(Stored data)
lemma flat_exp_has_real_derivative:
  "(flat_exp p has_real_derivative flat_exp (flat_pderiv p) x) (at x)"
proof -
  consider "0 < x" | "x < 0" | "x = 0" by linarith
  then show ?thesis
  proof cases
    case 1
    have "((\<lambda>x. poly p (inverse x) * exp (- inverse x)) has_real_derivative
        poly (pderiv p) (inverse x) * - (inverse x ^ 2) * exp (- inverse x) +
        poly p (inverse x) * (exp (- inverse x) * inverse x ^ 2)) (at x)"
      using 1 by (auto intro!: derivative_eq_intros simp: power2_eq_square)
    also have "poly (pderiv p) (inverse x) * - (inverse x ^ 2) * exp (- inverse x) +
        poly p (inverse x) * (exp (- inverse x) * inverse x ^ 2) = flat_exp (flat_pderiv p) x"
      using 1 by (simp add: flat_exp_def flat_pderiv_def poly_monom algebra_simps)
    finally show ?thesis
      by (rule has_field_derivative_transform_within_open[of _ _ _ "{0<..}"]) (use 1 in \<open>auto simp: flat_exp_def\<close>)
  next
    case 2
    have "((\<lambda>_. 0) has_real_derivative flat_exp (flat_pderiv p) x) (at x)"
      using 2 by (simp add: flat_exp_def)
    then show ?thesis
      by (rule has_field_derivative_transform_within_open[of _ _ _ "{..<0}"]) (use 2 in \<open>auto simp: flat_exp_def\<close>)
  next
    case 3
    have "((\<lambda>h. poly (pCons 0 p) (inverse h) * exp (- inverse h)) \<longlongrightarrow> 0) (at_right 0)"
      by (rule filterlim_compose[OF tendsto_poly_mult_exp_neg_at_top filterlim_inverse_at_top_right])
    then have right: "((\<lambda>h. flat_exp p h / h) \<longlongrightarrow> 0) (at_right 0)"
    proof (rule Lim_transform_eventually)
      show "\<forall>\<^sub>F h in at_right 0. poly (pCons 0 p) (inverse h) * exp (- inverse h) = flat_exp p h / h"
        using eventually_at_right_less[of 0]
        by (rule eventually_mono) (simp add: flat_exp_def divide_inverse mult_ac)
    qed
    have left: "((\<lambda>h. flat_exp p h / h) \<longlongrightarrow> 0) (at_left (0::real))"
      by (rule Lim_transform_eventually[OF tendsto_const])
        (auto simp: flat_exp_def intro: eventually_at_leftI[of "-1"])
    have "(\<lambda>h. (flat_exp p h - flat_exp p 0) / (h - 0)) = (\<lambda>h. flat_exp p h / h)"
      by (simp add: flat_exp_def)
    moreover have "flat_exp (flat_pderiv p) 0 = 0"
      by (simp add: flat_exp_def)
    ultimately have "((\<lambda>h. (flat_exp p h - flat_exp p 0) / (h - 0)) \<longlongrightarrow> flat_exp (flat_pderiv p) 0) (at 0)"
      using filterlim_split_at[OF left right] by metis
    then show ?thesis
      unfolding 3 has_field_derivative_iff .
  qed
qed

--

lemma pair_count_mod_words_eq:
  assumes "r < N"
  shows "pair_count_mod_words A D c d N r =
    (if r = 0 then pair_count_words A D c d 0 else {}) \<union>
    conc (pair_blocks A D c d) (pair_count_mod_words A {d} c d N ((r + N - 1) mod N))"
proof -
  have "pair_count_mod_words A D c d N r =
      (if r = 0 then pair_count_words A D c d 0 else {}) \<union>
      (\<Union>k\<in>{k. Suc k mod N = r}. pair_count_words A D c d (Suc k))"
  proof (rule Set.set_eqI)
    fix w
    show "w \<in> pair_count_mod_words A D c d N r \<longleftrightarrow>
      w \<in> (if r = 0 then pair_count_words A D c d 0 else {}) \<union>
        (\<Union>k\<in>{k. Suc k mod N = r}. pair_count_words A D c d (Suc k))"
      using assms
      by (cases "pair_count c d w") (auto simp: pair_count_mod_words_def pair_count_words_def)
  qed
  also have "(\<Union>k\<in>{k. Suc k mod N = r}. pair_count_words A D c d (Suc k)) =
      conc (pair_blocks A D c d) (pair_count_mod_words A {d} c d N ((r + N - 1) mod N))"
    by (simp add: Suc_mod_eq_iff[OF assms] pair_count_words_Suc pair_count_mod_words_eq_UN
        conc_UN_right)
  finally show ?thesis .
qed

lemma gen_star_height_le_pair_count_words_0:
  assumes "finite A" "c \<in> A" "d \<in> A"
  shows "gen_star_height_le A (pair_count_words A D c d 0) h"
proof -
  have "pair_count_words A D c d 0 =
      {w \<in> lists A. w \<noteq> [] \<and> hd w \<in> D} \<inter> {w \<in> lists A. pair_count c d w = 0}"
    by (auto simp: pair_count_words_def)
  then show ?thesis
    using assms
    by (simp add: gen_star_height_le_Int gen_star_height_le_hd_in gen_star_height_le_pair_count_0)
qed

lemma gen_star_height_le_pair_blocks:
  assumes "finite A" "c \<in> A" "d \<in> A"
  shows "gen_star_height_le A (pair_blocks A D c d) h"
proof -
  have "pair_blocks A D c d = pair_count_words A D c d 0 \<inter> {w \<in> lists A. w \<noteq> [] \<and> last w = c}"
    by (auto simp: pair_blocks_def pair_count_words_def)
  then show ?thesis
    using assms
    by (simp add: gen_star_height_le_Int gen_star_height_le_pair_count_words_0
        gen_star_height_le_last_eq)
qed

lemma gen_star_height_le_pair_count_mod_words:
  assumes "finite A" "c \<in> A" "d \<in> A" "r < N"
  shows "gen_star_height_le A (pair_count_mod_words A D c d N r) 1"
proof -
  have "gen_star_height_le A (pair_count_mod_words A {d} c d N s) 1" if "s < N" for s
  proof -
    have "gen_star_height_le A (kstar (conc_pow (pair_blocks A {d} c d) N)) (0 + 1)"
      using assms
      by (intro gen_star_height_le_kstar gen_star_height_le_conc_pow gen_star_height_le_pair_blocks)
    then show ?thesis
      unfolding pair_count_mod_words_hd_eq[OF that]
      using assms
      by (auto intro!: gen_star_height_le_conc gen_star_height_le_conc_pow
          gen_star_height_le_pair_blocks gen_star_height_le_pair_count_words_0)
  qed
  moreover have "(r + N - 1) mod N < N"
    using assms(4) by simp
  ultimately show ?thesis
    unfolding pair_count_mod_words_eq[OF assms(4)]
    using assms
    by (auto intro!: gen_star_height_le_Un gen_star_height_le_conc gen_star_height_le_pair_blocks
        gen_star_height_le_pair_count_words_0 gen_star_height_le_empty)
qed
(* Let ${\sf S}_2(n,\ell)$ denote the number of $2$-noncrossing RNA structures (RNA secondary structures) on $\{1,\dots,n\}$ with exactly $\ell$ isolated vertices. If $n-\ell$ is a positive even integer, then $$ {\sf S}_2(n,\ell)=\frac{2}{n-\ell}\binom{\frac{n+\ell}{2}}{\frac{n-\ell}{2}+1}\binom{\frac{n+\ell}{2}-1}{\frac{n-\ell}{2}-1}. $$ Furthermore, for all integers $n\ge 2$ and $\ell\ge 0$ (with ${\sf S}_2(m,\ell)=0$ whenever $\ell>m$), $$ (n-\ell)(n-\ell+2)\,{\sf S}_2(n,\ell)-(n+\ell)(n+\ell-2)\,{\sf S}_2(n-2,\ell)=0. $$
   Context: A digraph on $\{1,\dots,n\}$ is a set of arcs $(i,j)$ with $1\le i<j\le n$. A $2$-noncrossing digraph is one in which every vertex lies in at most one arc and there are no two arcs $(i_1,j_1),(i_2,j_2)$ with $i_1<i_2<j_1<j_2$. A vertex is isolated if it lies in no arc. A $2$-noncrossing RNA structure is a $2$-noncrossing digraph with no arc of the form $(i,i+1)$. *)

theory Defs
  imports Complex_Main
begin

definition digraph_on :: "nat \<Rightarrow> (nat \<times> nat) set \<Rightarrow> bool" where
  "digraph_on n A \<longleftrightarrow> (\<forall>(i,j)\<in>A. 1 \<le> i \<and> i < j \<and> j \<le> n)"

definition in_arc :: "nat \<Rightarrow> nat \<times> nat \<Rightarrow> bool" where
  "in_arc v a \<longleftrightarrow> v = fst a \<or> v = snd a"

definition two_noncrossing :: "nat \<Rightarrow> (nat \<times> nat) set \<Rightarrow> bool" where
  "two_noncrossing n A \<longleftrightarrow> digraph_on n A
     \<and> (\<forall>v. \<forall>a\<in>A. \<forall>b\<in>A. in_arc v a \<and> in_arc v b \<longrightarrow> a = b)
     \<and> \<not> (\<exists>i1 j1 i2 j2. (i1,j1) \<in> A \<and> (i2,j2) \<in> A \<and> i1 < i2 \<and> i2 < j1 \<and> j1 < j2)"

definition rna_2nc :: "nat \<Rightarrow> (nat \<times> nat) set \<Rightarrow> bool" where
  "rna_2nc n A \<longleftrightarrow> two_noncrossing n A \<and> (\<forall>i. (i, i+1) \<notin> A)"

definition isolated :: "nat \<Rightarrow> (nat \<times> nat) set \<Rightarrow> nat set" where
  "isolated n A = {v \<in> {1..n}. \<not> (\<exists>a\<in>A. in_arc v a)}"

--

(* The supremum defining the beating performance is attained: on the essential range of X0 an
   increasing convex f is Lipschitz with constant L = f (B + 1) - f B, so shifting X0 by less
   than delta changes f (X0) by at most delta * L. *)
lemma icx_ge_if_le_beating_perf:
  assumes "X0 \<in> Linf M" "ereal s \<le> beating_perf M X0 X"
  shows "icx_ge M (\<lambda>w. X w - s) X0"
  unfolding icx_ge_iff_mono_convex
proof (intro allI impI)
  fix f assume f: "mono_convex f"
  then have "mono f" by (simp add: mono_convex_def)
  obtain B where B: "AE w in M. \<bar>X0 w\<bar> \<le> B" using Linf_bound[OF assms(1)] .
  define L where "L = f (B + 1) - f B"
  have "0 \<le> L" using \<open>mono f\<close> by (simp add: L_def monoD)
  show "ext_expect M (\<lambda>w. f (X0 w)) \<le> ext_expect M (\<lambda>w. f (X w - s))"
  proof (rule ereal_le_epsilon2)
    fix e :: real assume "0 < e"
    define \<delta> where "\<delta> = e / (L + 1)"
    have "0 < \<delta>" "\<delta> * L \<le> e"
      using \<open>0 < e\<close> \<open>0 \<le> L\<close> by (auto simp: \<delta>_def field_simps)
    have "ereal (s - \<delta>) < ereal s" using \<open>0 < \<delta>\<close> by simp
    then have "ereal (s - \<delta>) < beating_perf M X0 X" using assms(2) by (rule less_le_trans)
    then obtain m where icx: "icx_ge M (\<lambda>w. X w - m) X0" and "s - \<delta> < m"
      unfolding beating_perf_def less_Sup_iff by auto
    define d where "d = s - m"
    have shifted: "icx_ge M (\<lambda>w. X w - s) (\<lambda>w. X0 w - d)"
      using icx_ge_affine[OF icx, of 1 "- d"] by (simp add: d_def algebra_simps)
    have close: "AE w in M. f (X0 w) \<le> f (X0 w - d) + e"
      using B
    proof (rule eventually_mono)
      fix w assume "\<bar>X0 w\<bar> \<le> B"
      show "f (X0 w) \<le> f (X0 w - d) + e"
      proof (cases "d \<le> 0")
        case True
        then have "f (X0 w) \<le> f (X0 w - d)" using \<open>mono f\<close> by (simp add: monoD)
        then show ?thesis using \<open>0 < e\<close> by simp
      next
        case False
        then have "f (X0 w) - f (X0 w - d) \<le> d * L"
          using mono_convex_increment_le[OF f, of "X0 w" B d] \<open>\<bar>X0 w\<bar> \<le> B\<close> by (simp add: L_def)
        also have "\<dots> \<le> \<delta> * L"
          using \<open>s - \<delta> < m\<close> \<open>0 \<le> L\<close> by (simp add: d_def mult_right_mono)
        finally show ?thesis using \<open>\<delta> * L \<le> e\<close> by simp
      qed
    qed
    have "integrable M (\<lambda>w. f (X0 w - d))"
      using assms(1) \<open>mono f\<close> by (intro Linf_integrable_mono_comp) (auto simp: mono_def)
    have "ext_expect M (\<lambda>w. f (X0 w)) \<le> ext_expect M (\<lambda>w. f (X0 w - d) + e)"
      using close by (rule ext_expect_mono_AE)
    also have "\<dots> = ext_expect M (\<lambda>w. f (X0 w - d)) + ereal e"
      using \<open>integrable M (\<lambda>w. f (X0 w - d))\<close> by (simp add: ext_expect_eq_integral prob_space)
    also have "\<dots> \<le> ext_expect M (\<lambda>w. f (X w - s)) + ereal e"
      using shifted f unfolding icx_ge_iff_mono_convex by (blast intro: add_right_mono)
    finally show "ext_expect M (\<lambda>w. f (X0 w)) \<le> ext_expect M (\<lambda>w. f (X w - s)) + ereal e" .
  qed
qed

> **What is needed**
Using the records above, report each line that contains the word "unfolding" by copying it.

> **Answer to this exercise**
      unfolding 3 has_field_derivative_iff .
      unfolding pair_count_mod_words_hd_eq[OF that]
    unfolding pair_count_mod_words_eq[OF assms(4)]
  unfolding icx_ge_iff_mono_convex
      unfolding beating_perf_def less_Sup_iff by auto
      using shifted f unfolding icx_ge_iff_mono_convex by (blast intro: add_right_mono)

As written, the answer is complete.